section \<open>Additive left ideals\<close>

text \<open>A left ideal of a ring: an additive subgroup closed under left multiplication (negatives
  come for free in a unital ring).  Right ideals are left ideals of the opposite ring.\<close>
definition ring_left_ideal :: "('a::ab_group_add \<Rightarrow> 'a \<Rightarrow> 'a) \<Rightarrow> 'a set \<Rightarrow> bool" where
  "ring_left_ideal mul L \<longleftrightarrow> 0 \<in> L \<and> (\<forall>x\<in>L. \<forall>y\<in>L. x + y \<in> L) \<and> (\<forall>a. \<forall>x\<in>L. mul a x \<in> L)"

lemma left_ideal_ring_left_ideal: "left_ideal scale mul L \<Longrightarrow> ring_left_ideal mul L"
  unfolding left_ideal_def subspace_of_def ring_left_ideal_def by blast

lemma right_ideal_ring_left_ideal: "right_ideal scale mul L \<Longrightarrow> ring_left_ideal (\<lambda>x y. mul y x) L"
  unfolding right_ideal_def subspace_of_def ring_left_ideal_def by blast

lemma ring_left_idealD:
  assumes "ring_left_ideal mul L"
  shows ring_left_ideal_zero: "0 \<in> L"
    and ring_left_ideal_add: "x \<in> L \<Longrightarrow> y \<in> L \<Longrightarrow> x + y \<in> L"
    and ring_left_ideal_mul: "x \<in> L \<Longrightarrow> mul a x \<in> L"
  using assms unfolding ring_left_ideal_def by blast+

lemma (in alternative_ring) ring_left_ideal_neg:
  "ring_left_ideal mul L \<Longrightarrow> x \<in> L \<Longrightarrow> - x \<in> L"
  using ring_left_ideal_mul[of mul L x "- one"] by (simp add: mul_neg_l unit_l)

lemma minimal_maximal_if_nested_eq:
  assumes nested_eq: "\<And>L1 L2. P L1 \<Longrightarrow> P L2 \<Longrightarrow> L1 \<subseteq> L2 \<Longrightarrow> L1 \<noteq> {0} \<Longrightarrow> L2 \<noteq> UNIV \<Longrightarrow> L1 = L2"
    and "P L" "L \<noteq> {0}" "L \<noteq> UNIV"
  shows "minimal_among P L \<and> maximal_among P L"
  using assms unfolding minimal_among_def maximal_among_def by blast

section \<open>Derivations with invertible values\<close>

locale inv_derivation = alternative_ring +
  fixes d :: "'a \<Rightarrow> 'a"
  assumes d_add: "\<And>x y. d (x + y) = d x + d y"
    and d_leibniz: "\<And>x y. d (x \<cdot> y) = d x \<cdot> y + x \<cdot> d y"
    and d_nontrivial: "\<exists>a. d a \<noteq> 0"
    and d_invertible: "\<And>x. d x \<noteq> 0 \<Longrightarrow> invertible_el mul one (d x)"
begin

lemma d_zero [simp]: "d 0 = 0"
  using d_add[of 0 0] by simp

lemma one_nonzero: "one \<noteq> 0"
  using d_nontrivial unit_l by (metis d_zero mul_zero_l)

text \<open>An element killed by d whose left multiples are all killed by d is zero: multiply by an
  element a with d a invertible and cancel.\<close>
lemma d_kernel_faithful:
  assumes "d z = 0" and "\<And>a. d (a \<cdot> z) = 0"
  shows "z = 0"
proof -
  obtain a where a: "d a \<noteq> 0" using d_nontrivial by blast
  obtain b where cancel: "\<And>w. b \<cdot> (d a \<cdot> w) = w"
    using invertible_cancel[OF d_invertible[OF a]] by blast
  have "d a \<cdot> z = 0" using d_leibniz[of a z] assms by simp
  then show ?thesis using cancel[of z] by simp
qed

lemma left_ideal_d_nonzero:
  assumes L: "ring_left_ideal mul L" and nonzero: "L \<noteq> {0}"
  shows "\<exists>y\<in>L. d y \<noteq> 0"
proof (rule ccontr)
  assume killed: "\<not> (\<exists>y\<in>L. d y \<noteq> 0)"
  obtain z where z: "z \<in> L" "z \<noteq> 0" using nonzero ring_left_ideal_zero[OF L] by blast
  have "d (a \<cdot> z) = 0" for a using killed ring_left_ideal_mul[OF L z(1)] by blast
  then have "z = 0" using d_kernel_faithful killed z(1) by blast
  then show False using z(2) by simp
qed

text \<open>A proper left ideal contains no nonzero (hence invertible) value of d.\<close>
lemma d_value_in_proper_left_ideal:
  assumes L: "ring_left_ideal mul L" and proper: "L \<noteq> UNIV" and dy: "d y \<in> L"
  shows "d y = 0"
proof (rule ccontr)
  assume "d y \<noteq> 0"
  then obtain v where cancel: "\<And>w. (w \<cdot> v) \<cdot> d y = w"
    using invertible_cancel[OF d_invertible] by blast
  have "w \<in> L" for w
    using ring_left_ideal_mul[OF L dy, of "w \<cdot> v"] cancel[of w] by simp
  then show False using proper by blast
qed

text \<open>If x in L has d x invertible, every c has the form d l - w with l, w in L:
  write c = a \<cdot> d x and use d (a \<cdot> x) = d a \<cdot> x + a \<cdot> d x.\<close>
lemma left_ideal_d_span:
  assumes L: "ring_left_ideal mul L" and x: "x \<in> L" "d x \<noteq> 0"
  shows "\<exists>l\<in>L. \<exists>w\<in>L. c = d l - w"
proof -
  obtain v where cancel: "\<And>w. (w \<cdot> v) \<cdot> d x = w"
    using invertible_cancel[OF d_invertible[OF x(2)]] by blast
  define a where "a = c \<cdot> v"
  have "c = d (a \<cdot> x) - d a \<cdot> x"
    using d_leibniz[of a x] cancel[of c] unfolding a_def by simp
  moreover have "a \<cdot> x \<in> L" "d a \<cdot> x \<in> L" using ring_left_ideal_mul[OF L x(1)] by auto
  ultimately show ?thesis by blast
qed

lemma left_ideal_nested_eq:
  assumes L1: "ring_left_ideal mul L1" and L2: "ring_left_ideal mul L2"
    and sub: "L1 \<subseteq> L2" and nonzero: "L1 \<noteq> {0}" and proper: "L2 \<noteq> UNIV"
  shows "L1 = L2"
proof -
  obtain x where x: "x \<in> L1" "d x \<noteq> 0" using left_ideal_d_nonzero[OF L1 nonzero] by blast
  have "y \<in> L1" if y: "y \<in> L2" for y
  proof -
    obtain l w where lw: "l \<in> L1" "w \<in> L1" "y = d l - w"
      using left_ideal_d_span[OF L1 x] by blast
    have "d l = y + w" using lw(3) by simp
    moreover have "y + w \<in> L2" using ring_left_ideal_add[OF L2 y] lw(2) sub by blast
    ultimately have "d l \<in> L2" by simp
    then have "d l = 0" by (rule d_value_in_proper_left_ideal[OF L2 proper])
    then show "y \<in> L1" using lw ring_left_ideal_neg[OF L1] by simp
  qed
  then show ?thesis using sub by blast
qed

text \<open>Part (c): a proper two-sided ideal I has I^2 = 0.  For z = x \<cdot> y, both d z and
  d (a \<cdot> z) = d a \<cdot> z lie in I and hence vanish.\<close>
lemma two_sided_ideal_square_zero:
  assumes Il: "ring_left_ideal mul I" and Ir: "ring_left_ideal (\<lambda>x y. y \<cdot> x) I"
    and proper: "I \<noteq> UNIV" and x: "x \<in> I" and y: "y \<in> I"
  shows "x \<cdot> y = 0"
proof (rule d_kernel_faithful)
  note in_I = d_value_in_proper_left_ideal[OF Il proper]
  have xy: "x \<cdot> y \<in> I" using ring_left_ideal_mul[OF Il y] .
  have "d x \<cdot> y + x \<cdot> d y \<in> I"
    using ring_left_ideal_add[OF Il ring_left_ideal_mul[OF Il y] ring_left_ideal_mul[OF Ir x]] .
  then have "d (x \<cdot> y) \<in> I" using d_leibniz[of x y] by simp
  then show dz: "d (x \<cdot> y) = 0" by (rule in_I)
  show "d (a \<cdot> (x \<cdot> y)) = 0" for a
  proof (rule in_I)
    show "d (a \<cdot> (x \<cdot> y)) \<in> I"
      using ring_left_ideal_mul[OF Il xy, of "d a"] d_leibniz[of a "x \<cdot> y"] dz by simp
  qed
qed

### [PROBLEM]
Go through the material and copy out every line with "UNIV" in it.

### [WRITTEN SOLUTION]
  assumes nested_eq: "\<And>L1 L2. P L1 \<Longrightarrow> P L2 \<Longrightarrow> L1 \<subseteq> L2 \<Longrightarrow> L1 \<noteq> {0} \<Longrightarrow> L2 \<noteq> UNIV \<Longrightarrow> L1 = L2"
    and "P L" "L \<noteq> {0}" "L \<noteq> UNIV"
  assumes L: "ring_left_ideal mul L" and proper: "L \<noteq> UNIV" and dy: "d y \<in> L"
    and sub: "L1 \<subseteq> L2" and nonzero: "L1 \<noteq> {0}" and proper: "L2 \<noteq> UNIV"
    and proper: "I \<noteq> UNIV" and x: "x \<in> I" and y: "y \<in> I"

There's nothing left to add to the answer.